Nvidia-Docker 建構可使用 GPUs 的容器 : cuda9.0 + cudnn7.0.5 + Tensorflow-GPU + Opencv-Python + Dlib
-
- 基礎鏡像的選擇
- 基礎鏡像及作者資訊
- 修改時區,安裝中文支援
- 安裝 cudnn7.0.5
- 安裝 python3.6
- 安裝 tensorflow-gpu
- 安裝 opencv-python
- 安裝 dlib
- 安裝其他 python 依賴包
- 其他設定
- 完整的 dockerfile
- 建構鏡像并測試
基礎鏡像的選擇
在使用 Nvidia-Docker 建構可使用 GPUs 的容器之前,先要确定所需建構的環境的版本對應關系,這裡主要指的是 Tensorflow-GPU 與 CUDA 、 cuDNN 的版本對應關系。
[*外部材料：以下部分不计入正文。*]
definition profinite_alg :: "'c topology \<Rightarrow> 'u topology \<Rightarrow> 'a topology \<Rightarrow> ('c \<Rightarrow> 'a) \<Rightarrow> ('u \<Rightarrow> 'a \<Rightarrow> 'a) \<Rightarrow> bool" where
  "profinite_alg T0 T1 A c f \<longleftrightarrow>
     top_alg T0 T1 A c f \<and> compact_space A \<and>
     (\<forall>x\<in>topspace A. \<forall>y\<in>topspace A. x \<noteq> y \<longrightarrow>
        (\<exists>K d g h. fin_alg T0 T1 K d g \<and> continuous_map A (discrete_topology K) h \<and>
                   alg_hom T0 T1 A c f (discrete_topology K) d g h \<and> h x \<noteq> h y))"

definition subalg_gen :: "'c topology \<Rightarrow> 'u topology \<Rightarrow> 'a topology \<Rightarrow> ('c \<Rightarrow> 'a) \<Rightarrow> ('u \<Rightarrow> 'a \<Rightarrow> 'a) \<Rightarrow> 'a set \<Rightarrow> 'a set" where
  "subalg_gen T0 T1 A c f G = \<Inter>{S. S \<subseteq> topspace A \<and> G \<subseteq> S \<and>
        (\<forall>w\<in>topspace T0. c w \<in> S) \<and> (\<forall>w\<in>topspace T1. \<forall>a\<in>S. f w a \<in> S)}"

definition free_profinite_alg :: "'c topology \<Rightarrow> 'u topology \<Rightarrow> 'x topology \<Rightarrow>
     'a topology \<Rightarrow> ('c \<Rightarrow> 'a) \<Rightarrow> ('u \<Rightarrow> 'a \<Rightarrow> 'a) \<Rightarrow> ('x \<Rightarrow> 'a) \<Rightarrow> bool" where
  "free_profinite_alg T0 T1 X A c f \<iota> \<longleftrightarrow>
     profinite_alg T0 T1 A c f \<and> continuous_map X A \<iota> \<and>
     A closure_of (subalg_gen T0 T1 A c f (\<iota> ` topspace X)) = topspace A \<and>
     (\<forall>K d g \<phi>. fin_alg T0 T1 K d g \<and> continuous_map X (discrete_topology K) \<phi> \<longrightarrow>
        (\<exists>\<psi>. continuous_map A (discrete_topology K) \<psi> \<and>
              alg_hom T0 T1 A c f (discrete_topology K) d g \<psi> \<and>
              (\<forall>x\<in>topspace X. \<psi> (\<iota> x) = \<phi> x) \<and>
              (\<forall>\<psi>'. continuous_map A (discrete_topology K) \<psi>' \<and>
                     alg_hom T0 T1 A c f (discrete_topology K) d g \<psi>' \<and>
                     (\<forall>x\<in>topspace X. \<psi>' (\<iota> x) = \<phi> x) \<longrightarrow>
                     (\<forall>a\<in>topspace A. \<psi>' a = \<psi> a))))"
如,這裡使用的是 Tensorflow-GPU 1.5.0 版本,對應 CUDA 9.0 版本以及 cuDNN 7.0.x 版本。如果版本不對,報錯如下:
- Tensorflow-GPU 1.5.0 版本對應 CUDA 9.0 版本,否則報錯 ImportError: libcublas.so.9.0: cannot open shared object file: No such file or directory ;
- 對應 cuDNN 7.0.x 版本,否則執行 Tensorflow-GPU 代碼的時候報錯提示 cuDNN 版本不對(原本安裝的是 cuDNN 7.3.1 版本,後來降至 cuDNN 7.0.5 ,測試通過)。
其它版本的對應資訊見 Tensorflow 中文官網中 經過測試的建構配置 或者 Tensorflow 英文官網中 Tested build configurations 。
![](https://img.laitimes.com/img/__Qf2AjLwojIjJCLyojI0JCLiAzNfRHLGZkRGZkRfJ3bs92YsYTMfVmepNHL9QzVZNXOGpVdGdkY1ZlMMBjVtJWd0ckW65UbM5WOHJWa5kHT20ESjBjUIF2X0hXZ0xCMx81dvRWYoNHLrdEZwZ1Rh5WNXp1bwNjW1ZUba9VZwlHdssmch1mclRXY39CXldWYtlWPzNXZj9mcw1ycz9WL49zZuBnL0kzN5IzNxUTM5IzNwkTMwIzLc52YucWbp5GZzNmLn9Gbi1yZtl2Lc9CX6MHc0RHaiojIsJye.png)
是以,這裡選擇 nvidia/cuda:9.0-devel-centos7 作為基礎鏡像,該鏡像不帶 cuDNN ,需要自己安裝對應的 cuDNN 版本。 nvidia/cuda 官方也有提供帶 cuDNN 的基礎鏡像—— nvidia/cuda:9.0-cudnn7-devel-centos7 ,當時是 cuDNN 7.3.1 版本的。
基礎鏡像及作者資訊
這裡使用的是 nvidia/cuda:9.0-devel-centos7 作為基礎鏡像,作者是 ELN ,還可以添加電子郵箱。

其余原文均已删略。